### Exercise
Look below for the line containing "x^2)) has_integral (pi"; from there, print each line exactly up to and including the line containing "(simp add: power_strict_mono)", and stop.

### Data shown
(* Let $E_B<0$, $\mu>0$, $\tau>-\mu$, and set $\tilde\tau:=\tau/|E_B|$. Then for all $L>0$, $$\Bigl|G_\mu(\tau)-\frac1{4\pi}\log(\tilde\mu+\tilde\tau)\Bigr|\le\frac{K(\tilde\tau,\tilde\mu,\tilde L)}{\tilde L},$$ where $$K(\tilde\tau,\tilde\mu,\tilde L):=1+\frac3{\tilde L}+\frac1{\sqrt{\tilde\mu+\min\{\tilde\tau,1\}}}+\Bigl(\frac{4\sqrt{\tilde\mu}}{\pi}+\frac6{\tilde L}\Bigr)\frac1{\tilde\mu+\min\{\tilde\tau,1\}}.$$
   Context: Let $L>0$ and $\Lambda_L:=\frac{2\pi}{L}\mathbb Z^2$; sums over $k$ run over $\Lambda_L$. Fix $E_B<0$ and $\mu>0$, and set $\tilde\mu:=\mu/|E_B|$, $\tilde L:=L\sqrt{|E_B|}$. For $\tau>-\mu$ let $G_\mu(\tau):=L^{-2}\sum_k\bigl(\frac{1}{k^2-E_B}-\frac{\chi_{(\mu,\infty)}(k^2)}{k^2+\tau}\bigr)$. *)

theory Defs
  imports "HOL-Analysis.Analysis"
begin

text \<open>Squared length of the lattice vector k = (2 pi / L)(m,n) in the dual lattice Lambda_L.\<close>
definition lattice_sq :: "real \<Rightarrow> int \<times> int \<Rightarrow> real" where
  "lattice_sq L p = (2 * pi / L)^2 * (real_of_int (fst p)^2 + real_of_int (snd p)^2)"

definition G_mu :: "real \<Rightarrow> real \<Rightarrow> real \<Rightarrow> real \<Rightarrow> real" where
  "G_mu L E_B \<mu> \<tau> = (1 / L^2) *
     (\<Sum>\<^sub>\<infinity>p\<in>(UNIV :: (int \<times> int) set).
        1 / (lattice_sq L p - E_B) - (if \<mu> < lattice_sq L p then 1 / (lattice_sq L p + \<tau>) else 0))"

definition K_const :: "real \<Rightarrow> real \<Rightarrow> real \<Rightarrow> real" where
  "K_const t m l = 1 + 3 / l + 1 / sqrt (m + min t 1)
     + (4 * sqrt m / pi + 6 / l) * (1 / (m + min t 1))"

end

theory Submission
  imports Defs "HOL-Real_Asymp.Real_Asymp"
begin

text \<open>
  Rescaling \<open>k \<mapsto> k / sqrt \<bar>E_B\<bar>\<close> reduces the claim to \<open>E_B = -1\<close>. Let \<open>N(s)\<close> be the
  number of lattice vectors with \<open>k\<^sup>2 \<le> s\<close>; counting integer points column by column and
  comparing with the area of a quarter disc gives
  \<open>\<bar>N(s) - L\<^sup>2 s / (4 pi)\<bar> \<le> (2 L / pi) sqrt s + 1\<close>.
  Summation by parts turns the sums of \<open>1/(k\<^sup>2 + 1)\<close> over \<open>k\<^sup>2 \<le> R\<close> and of
  \<open>1/(k\<^sup>2 + \<tau>)\<close> over \<open>\<mu> < k\<^sup>2 \<le> R\<close> into \<open>L\<^sup>2/(4 pi)\<close> times logarithms, plus boundary terms and
  integrals of the counting error against \<open>(s + c)\<^sup>-\<^sup>2\<close>; the latter are bounded with an
  explicit arctangent primitive. As \<open>R \<rightarrow> \<infinity>\<close> the logarithms combine to \<open>log (\<mu> + \<tau>)\<close> and
  the boundary terms vanish, while the same counting estimate shows that the summands,
  which are \<open>O((k\<^sup>2 + 1)\<^sup>-\<^sup>2)\<close>, are absolutely summable, so the partial sums over balls converge
  to \<open>G_mu\<close>.
\<close>

section \<open>Integer points in a disc\<close>

definition int_disc :: "real \<Rightarrow> (int \<times> int) set" where
  "int_disc R = {p. real_of_int (fst p)^2 + real_of_int (snd p)^2 \<le> R}"

lemma int_square_le_iff_interval:
  assumes "X \<ge> 0"
  shows "{n::int. real_of_int n ^ 2 \<le> X} = {-\<lfloor>sqrt X\<rfloor>..\<lfloor>sqrt X\<rfloor>}"
proof -
  have "real_of_int n ^ 2 \<le> X \<longleftrightarrow> \<bar>real_of_int n\<bar> \<le> sqrt X" for n
    using real_le_rsqrt[of "\<bar>real_of_int n\<bar>" X] sqrt_ge_absD[of "real_of_int n" X] by auto
  then have "real_of_int n ^ 2 \<le> X \<longleftrightarrow> \<bar>n\<bar> \<le> \<lfloor>sqrt X\<rfloor>" for n
    by (simp only: le_floor_iff of_int_abs)
  then show ?thesis by (simp only: set_eq_iff mem_Collect_eq atLeastAtMost_iff) arith
qed

lemma card_int_square_le:
  assumes "X \<ge> 0"
  shows "real (card {n::int. real_of_int n ^ 2 \<le> X}) = 2 * real_of_int \<lfloor>sqrt X\<rfloor> + 1"
proof -
  have "\<lfloor>sqrt X\<rfloor> \<ge> 0" using assms by simp
  then show ?thesis unfolding int_square_le_iff_interval[OF assms] by simp
qed

lemma int_disc_subset_square:
  "int_disc R \<subseteq> {-\<lfloor>sqrt R\<rfloor>..\<lfloor>sqrt R\<rfloor>} \<times> {-\<lfloor>sqrt R\<rfloor>..\<lfloor>sqrt R\<rfloor>}"
proof
  fix p assume "p \<in> int_disc R"
  then have "real_of_int (fst p)^2 + real_of_int (snd p)^2 \<le> R" by (simp add: int_disc_def)
  then have "real_of_int (fst p)^2 \<le> R" "real_of_int (snd p)^2 \<le> R"
    using zero_le_power2[of "real_of_int (fst p)"] zero_le_power2[of "real_of_int (snd p)"]
    by linarith+
  moreover from this have "R \<ge> 0" by (meson order_trans zero_le_power2)
  ultimately show "p \<in> {-\<lfloor>sqrt R\<rfloor>..\<lfloor>sqrt R\<rfloor>} \<times> {-\<lfloor>sqrt R\<rfloor>..\<lfloor>sqrt R\<rfloor>}"
    using int_square_le_iff_interval[of R] by (simp add: mem_Times_iff set_eq_iff)
qed

lemma finite_int_disc: "finite (int_disc R)"
  by (rule finite_subset[OF int_disc_subset_square]) simp

lemma card_int_disc_columns:
  assumes "R \<ge> 0"
  shows "real (card (int_disc R))
    = (\<Sum>m\<in>{-\<lfloor>sqrt R\<rfloor>..\<lfloor>sqrt R\<rfloor>}. 2 * real_of_int \<lfloor>sqrt (R - real_of_int m ^ 2)\<rfloor> + 1)"
proof -
  let ?k = "\<lfloor>sqrt R\<rfloor>"
  let ?column = "\<lambda>m. {n::int. real_of_int n ^ 2 \<le> R - real_of_int m ^ 2}"
  have column_nonneg: "R - real_of_int m ^ 2 \<ge> 0" if "m \<in> {-?k..?k}" for m
    using that int_square_le_iff_interval[OF assms] by (simp add: set_eq_iff)
  have "int_disc R = Sigma {-?k..?k} ?column"
    using int_disc_subset_square[of R] unfolding int_disc_def by (auto simp: algebra_simps)
  then have "real (card (int_disc R)) = (\<Sum>m\<in>{-?k..?k}. real (card (?column m)))"
    using column_nonneg by (simp add: int_square_le_iff_interval)
  also have "\<dots> = (\<Sum>m\<in>{-?k..?k}. 2 * real_of_int \<lfloor>sqrt (R - real_of_int m ^ 2)\<rfloor> + 1)"
    using column_nonneg by (intro sum.cong refl card_int_square_le)
  finally show ?thesis .
qed

lemma sum_symmetric_int_interval:
  "(\<Sum>m\<in>{-int n..int n}. g m) = g 0 + (\<Sum>i\<in>{1..n}. g (int i) + g (- int i))"
proof (induction n)
  case 0 then show ?case by simp
next
  case (Suc n)
  have "{-int (Suc n)..int (Suc n)} = insert (int n + 1) (insert (-(int n + 1)) {-int n..int n})"
    by auto
  then show ?case using Suc by (simp add: algebra_simps)
qed

lemma quarter_disc_has_integral:
  fixes r :: real
  assumes "r > 0"
  shows "((\<lambda>x. sqrt (r^2 - x^2)) has_integral (pi * r^2 / 4)) {0..r}"
proof -
  define F where "F x = (x * sqrt (r^2 - x^2) + r^2 * arcsin (x / r)) / 2" for x
  have "(F has_real_derivative sqrt (r^2 - x^2)) (at x)" if x: "x \<in> {0<..<r}" for x
  proof -
    have pos: "r^2 - x^2 > 0" using x assms by (simp add: power_strict_mono)
    have xr: "-1 < x / r" "x / r < 1" using x assms by (auto simp: divide_simps)
    have root: "sqrt (1 - (x/r)^2) = sqrt (r^2 - x^2) / r"
      using assms by (simp add: field_simps real_sqrt_divide)
    show ?thesis
      unfolding F_def using pos xr assms
      by (auto intro!: derivative_eq_intros simp: root) (simp add: field_simps power2_eq_square)
  qed
  moreover have "continuous_on {0..r} F"
    unfolding F_def using assms by (intro continuous_intros) (auto simp: divide_simps)
  ultimately have "((\<lambda>x. sqrt (r^2 - x^2)) has_integral (F r - F 0)) {0..r}"
    using assms by (intro fundamental_theorem_of_calculus_interior)
      (auto simp: has_real_derivative_iff_has_vector_derivative)
  then show ?thesis using assms by (simp add: F_def mult_ac)
qed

### Written solution
  shows "((\<lambda>x. sqrt (r^2 - x^2)) has_integral (pi * r^2 / 4)) {0..r}"
proof -
  define F where "F x = (x * sqrt (r^2 - x^2) + r^2 * arcsin (x / r)) / 2" for x
  have "(F has_real_derivative sqrt (r^2 - x^2)) (at x)" if x: "x \<in> {0<..<r}" for x
  proof -
    have pos: "r^2 - x^2 > 0" using x assms by (simp add: power_strict_mono)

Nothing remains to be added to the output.